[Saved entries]
════

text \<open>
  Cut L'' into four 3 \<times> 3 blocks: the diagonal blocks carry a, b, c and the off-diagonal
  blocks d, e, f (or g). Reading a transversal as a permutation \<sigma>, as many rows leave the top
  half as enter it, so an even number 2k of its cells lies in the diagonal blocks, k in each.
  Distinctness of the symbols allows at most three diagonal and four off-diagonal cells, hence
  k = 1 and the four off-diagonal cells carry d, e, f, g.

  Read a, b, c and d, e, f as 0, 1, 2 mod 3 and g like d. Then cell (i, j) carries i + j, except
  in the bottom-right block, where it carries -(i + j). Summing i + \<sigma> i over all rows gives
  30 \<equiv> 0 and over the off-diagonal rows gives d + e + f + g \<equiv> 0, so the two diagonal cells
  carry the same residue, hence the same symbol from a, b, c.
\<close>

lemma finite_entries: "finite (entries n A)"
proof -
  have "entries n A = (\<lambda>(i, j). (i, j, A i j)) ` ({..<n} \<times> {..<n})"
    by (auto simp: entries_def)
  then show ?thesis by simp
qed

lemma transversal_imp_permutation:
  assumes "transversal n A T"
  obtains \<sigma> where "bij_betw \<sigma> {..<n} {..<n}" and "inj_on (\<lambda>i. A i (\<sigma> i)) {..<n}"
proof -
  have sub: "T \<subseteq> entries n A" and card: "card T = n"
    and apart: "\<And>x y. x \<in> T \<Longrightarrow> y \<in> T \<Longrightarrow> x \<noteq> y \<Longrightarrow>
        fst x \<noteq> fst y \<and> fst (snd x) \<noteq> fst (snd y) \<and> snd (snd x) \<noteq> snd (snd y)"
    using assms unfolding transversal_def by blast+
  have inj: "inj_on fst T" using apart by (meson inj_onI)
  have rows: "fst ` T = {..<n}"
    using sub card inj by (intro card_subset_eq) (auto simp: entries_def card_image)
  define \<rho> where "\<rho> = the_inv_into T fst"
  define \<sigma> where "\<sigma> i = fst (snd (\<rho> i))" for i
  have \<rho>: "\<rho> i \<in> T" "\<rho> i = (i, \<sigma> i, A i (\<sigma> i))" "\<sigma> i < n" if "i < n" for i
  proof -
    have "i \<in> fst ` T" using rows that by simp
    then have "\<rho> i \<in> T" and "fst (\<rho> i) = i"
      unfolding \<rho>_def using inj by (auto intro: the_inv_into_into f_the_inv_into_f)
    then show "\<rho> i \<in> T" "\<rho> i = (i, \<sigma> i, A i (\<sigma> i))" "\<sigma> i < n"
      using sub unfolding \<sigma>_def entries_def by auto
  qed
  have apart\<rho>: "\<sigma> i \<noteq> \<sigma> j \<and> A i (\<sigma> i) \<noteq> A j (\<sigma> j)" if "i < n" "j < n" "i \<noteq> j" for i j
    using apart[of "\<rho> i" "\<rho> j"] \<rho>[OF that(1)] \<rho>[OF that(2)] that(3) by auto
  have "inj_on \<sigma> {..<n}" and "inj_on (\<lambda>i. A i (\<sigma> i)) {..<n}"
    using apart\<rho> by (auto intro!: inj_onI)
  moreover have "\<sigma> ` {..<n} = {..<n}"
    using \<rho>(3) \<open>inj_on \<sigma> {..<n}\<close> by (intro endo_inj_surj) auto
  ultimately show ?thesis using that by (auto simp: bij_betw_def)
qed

════

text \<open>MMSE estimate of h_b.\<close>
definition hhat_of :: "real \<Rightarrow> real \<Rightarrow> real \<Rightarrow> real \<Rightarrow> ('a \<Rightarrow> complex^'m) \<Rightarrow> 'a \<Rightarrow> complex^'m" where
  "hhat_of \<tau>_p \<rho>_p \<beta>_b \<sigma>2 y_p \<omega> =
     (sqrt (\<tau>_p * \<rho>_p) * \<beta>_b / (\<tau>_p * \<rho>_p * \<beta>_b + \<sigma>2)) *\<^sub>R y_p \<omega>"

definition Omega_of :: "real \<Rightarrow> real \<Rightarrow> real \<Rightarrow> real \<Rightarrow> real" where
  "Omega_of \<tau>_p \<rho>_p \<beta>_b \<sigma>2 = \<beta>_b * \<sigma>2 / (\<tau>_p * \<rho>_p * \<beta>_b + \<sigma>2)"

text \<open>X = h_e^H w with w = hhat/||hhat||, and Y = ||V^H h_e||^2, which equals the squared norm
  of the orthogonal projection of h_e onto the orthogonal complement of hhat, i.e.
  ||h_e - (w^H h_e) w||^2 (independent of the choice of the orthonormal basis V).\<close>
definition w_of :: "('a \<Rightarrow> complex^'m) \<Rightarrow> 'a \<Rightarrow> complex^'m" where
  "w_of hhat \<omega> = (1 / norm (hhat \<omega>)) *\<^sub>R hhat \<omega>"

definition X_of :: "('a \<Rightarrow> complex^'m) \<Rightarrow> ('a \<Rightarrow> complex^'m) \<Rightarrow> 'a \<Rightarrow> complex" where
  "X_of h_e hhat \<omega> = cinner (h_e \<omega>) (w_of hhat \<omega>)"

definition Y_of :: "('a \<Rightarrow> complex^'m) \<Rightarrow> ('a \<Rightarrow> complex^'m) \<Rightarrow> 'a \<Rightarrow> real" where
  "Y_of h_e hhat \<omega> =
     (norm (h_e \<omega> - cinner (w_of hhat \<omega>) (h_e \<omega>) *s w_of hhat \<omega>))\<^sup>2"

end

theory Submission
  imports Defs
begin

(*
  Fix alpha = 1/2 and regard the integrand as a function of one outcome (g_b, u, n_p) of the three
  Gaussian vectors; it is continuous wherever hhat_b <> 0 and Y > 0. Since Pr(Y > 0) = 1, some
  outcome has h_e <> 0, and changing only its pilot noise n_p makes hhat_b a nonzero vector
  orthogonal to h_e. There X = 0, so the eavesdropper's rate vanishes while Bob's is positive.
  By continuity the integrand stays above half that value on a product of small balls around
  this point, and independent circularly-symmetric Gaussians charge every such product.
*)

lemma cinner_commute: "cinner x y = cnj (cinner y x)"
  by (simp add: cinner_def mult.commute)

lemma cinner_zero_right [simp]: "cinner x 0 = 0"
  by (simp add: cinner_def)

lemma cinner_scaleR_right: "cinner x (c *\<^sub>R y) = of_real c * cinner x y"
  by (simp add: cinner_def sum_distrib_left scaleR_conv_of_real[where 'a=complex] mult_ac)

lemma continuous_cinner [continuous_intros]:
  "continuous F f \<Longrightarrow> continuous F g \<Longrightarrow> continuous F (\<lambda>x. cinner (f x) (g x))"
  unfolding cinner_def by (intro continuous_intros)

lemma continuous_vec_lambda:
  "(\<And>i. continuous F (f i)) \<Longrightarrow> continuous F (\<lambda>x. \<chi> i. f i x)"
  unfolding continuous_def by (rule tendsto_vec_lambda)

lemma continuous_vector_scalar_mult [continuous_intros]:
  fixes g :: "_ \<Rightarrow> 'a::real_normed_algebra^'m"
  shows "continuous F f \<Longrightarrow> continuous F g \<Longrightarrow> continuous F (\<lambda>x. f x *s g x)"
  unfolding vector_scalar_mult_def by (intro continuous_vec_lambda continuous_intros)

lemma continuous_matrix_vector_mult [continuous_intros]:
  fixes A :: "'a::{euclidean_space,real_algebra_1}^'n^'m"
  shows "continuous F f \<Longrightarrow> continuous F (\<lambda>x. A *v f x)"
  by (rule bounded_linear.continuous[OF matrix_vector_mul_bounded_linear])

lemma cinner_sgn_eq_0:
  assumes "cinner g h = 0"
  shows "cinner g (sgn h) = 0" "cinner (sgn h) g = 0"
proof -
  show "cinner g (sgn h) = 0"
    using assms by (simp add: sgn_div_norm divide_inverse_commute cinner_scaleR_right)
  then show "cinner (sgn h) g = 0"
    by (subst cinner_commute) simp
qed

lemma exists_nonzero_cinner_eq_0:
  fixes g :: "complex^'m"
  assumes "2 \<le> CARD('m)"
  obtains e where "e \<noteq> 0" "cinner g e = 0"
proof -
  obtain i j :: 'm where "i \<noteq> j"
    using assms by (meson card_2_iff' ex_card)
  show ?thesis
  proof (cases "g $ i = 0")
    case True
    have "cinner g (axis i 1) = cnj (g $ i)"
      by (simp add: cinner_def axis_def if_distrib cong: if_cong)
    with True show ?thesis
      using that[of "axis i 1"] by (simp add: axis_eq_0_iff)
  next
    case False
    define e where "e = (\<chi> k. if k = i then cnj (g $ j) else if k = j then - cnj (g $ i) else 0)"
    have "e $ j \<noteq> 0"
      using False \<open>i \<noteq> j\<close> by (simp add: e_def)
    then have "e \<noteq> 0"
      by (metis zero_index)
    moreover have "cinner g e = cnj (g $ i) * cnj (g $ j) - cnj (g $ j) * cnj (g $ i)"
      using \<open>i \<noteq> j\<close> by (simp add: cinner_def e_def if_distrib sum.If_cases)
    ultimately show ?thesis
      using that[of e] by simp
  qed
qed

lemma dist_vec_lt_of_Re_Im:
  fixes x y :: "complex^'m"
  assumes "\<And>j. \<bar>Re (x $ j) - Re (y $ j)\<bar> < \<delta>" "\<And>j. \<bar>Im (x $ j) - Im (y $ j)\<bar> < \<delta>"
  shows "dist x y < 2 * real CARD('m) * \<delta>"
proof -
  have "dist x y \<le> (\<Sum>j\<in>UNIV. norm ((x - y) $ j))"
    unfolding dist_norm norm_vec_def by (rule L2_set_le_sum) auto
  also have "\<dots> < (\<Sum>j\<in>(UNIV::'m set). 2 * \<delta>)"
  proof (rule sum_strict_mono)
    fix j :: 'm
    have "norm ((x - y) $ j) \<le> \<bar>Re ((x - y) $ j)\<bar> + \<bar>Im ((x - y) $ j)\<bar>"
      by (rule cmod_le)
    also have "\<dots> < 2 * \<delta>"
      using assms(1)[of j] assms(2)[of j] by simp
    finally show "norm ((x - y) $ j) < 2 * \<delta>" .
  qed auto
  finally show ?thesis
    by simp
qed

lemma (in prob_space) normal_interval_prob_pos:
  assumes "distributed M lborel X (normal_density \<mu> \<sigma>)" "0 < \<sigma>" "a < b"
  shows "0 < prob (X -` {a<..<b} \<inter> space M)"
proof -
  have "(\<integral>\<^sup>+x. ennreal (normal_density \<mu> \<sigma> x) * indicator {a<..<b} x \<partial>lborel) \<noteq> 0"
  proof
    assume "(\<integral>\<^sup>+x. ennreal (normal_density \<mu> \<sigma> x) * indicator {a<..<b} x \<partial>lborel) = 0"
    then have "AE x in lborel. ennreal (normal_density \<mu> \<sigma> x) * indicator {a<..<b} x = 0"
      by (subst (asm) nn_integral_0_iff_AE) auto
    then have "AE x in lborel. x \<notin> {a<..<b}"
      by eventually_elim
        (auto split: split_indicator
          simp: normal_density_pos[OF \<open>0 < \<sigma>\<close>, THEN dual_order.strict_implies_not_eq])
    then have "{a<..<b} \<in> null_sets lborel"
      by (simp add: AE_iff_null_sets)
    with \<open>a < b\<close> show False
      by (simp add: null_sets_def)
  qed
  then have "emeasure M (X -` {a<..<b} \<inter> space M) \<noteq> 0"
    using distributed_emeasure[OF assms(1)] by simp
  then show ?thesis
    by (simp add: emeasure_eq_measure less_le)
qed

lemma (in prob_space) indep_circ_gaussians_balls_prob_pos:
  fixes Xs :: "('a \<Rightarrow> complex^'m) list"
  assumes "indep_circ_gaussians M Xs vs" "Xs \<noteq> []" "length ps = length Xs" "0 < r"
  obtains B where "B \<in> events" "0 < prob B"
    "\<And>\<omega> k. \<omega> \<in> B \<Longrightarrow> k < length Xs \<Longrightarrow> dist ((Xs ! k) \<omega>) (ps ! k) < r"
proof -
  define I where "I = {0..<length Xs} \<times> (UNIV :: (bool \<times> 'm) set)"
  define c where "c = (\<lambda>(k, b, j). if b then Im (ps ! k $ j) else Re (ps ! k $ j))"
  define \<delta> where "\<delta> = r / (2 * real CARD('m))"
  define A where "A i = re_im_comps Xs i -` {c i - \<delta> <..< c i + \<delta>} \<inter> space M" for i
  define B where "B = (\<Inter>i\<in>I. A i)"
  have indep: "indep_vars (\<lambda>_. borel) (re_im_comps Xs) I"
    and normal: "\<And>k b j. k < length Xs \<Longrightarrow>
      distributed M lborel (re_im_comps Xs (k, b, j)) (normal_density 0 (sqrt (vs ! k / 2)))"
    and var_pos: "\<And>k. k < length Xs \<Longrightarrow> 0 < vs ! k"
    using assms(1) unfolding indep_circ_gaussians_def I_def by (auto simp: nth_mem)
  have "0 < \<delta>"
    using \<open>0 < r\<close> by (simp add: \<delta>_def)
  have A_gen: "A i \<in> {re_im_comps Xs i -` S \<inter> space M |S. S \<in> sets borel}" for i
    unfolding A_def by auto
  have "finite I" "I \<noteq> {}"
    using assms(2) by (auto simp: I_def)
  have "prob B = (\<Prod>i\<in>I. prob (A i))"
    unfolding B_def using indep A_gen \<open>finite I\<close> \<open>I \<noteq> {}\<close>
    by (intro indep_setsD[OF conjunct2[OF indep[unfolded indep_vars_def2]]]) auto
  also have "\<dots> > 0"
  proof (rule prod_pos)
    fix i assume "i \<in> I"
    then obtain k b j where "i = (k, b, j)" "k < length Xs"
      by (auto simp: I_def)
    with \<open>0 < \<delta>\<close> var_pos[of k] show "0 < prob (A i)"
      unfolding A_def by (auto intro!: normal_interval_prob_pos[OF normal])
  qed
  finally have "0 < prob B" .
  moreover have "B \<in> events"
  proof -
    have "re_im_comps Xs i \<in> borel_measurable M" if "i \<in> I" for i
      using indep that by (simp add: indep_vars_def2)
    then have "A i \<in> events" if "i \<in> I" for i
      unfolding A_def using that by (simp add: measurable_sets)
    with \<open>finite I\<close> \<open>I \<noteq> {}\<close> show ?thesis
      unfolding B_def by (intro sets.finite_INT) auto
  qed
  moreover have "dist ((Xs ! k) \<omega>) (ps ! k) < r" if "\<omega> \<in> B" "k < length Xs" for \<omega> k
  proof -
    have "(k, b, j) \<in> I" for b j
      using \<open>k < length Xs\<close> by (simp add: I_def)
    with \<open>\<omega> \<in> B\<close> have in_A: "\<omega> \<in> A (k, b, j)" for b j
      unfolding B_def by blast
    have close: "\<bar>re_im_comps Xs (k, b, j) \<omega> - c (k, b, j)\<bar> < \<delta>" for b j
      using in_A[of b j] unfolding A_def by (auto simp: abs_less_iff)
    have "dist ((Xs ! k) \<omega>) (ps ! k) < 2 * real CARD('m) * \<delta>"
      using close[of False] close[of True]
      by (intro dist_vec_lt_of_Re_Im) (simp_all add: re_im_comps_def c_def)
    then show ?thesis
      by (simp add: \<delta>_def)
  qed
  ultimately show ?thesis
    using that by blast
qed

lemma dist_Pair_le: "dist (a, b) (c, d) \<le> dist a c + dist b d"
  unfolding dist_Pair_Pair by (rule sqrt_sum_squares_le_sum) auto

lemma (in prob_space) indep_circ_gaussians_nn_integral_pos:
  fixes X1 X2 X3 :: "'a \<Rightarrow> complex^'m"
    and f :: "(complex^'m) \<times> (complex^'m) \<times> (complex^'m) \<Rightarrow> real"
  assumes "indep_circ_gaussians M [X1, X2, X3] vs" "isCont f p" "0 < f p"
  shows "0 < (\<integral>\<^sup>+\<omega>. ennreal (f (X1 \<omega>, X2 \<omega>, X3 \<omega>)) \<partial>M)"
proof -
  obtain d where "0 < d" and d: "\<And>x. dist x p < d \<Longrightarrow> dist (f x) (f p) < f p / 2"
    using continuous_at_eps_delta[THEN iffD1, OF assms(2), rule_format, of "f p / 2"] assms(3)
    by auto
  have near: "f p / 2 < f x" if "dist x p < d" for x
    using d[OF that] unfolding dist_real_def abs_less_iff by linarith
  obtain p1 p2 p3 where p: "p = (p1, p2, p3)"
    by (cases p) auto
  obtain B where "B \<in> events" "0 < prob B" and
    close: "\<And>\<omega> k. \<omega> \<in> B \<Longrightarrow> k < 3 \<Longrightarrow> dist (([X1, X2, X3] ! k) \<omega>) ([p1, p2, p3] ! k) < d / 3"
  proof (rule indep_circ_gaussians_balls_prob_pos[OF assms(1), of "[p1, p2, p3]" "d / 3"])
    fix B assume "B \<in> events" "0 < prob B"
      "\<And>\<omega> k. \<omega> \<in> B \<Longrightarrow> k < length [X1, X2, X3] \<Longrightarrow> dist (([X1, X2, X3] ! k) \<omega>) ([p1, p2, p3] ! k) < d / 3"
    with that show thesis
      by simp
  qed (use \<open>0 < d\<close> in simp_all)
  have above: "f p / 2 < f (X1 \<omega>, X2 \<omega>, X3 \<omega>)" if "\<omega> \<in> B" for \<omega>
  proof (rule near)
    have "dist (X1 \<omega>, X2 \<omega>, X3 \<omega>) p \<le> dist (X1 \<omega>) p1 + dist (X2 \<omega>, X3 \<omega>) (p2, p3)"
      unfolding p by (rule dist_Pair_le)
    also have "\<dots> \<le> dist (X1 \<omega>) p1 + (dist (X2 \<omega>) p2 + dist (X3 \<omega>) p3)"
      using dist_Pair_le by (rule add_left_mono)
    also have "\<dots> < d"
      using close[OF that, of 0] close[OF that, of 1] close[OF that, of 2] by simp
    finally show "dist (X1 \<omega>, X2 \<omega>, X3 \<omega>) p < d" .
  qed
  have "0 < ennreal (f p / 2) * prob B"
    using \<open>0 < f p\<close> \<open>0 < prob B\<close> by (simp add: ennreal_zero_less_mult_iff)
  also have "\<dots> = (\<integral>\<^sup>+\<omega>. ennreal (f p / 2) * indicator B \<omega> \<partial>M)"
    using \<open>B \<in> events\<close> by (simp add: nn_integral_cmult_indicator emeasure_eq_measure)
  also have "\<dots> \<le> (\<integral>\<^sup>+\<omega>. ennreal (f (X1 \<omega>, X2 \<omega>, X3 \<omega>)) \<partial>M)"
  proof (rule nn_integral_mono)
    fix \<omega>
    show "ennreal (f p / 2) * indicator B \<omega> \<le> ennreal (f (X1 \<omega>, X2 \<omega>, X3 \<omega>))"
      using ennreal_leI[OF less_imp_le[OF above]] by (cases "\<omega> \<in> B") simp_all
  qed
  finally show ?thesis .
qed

════

• _WHAT YOU HAVE TO DO_: Scan the entries above for the line containing "cinner (h_e \<omega>)", and copy it and all lines after it exactly, down to and including the line containing "outcome has h_e".

• _ANSWER TO THIS EXERCISE_:
  "X_of h_e hhat \<omega> = cinner (h_e \<omega>) (w_of hhat \<omega>)"

definition Y_of :: "('a \<Rightarrow> complex^'m) \<Rightarrow> ('a \<Rightarrow> complex^'m) \<Rightarrow> 'a \<Rightarrow> real" where
  "Y_of h_e hhat \<omega> =
     (norm (h_e \<omega> - cinner (w_of hhat \<omega>) (h_e \<omega>) *s w_of hhat \<omega>))\<^sup>2"

end

theory Submission
  imports Defs
begin

(*
  Fix alpha = 1/2 and regard the integrand as a function of one outcome (g_b, u, n_p) of the three
  Gaussian vectors; it is continuous wherever hhat_b <> 0 and Y > 0. Since Pr(Y > 0) = 1, some
  outcome has h_e <> 0, and changing only its pilot noise n_p makes hhat_b a nonzero vector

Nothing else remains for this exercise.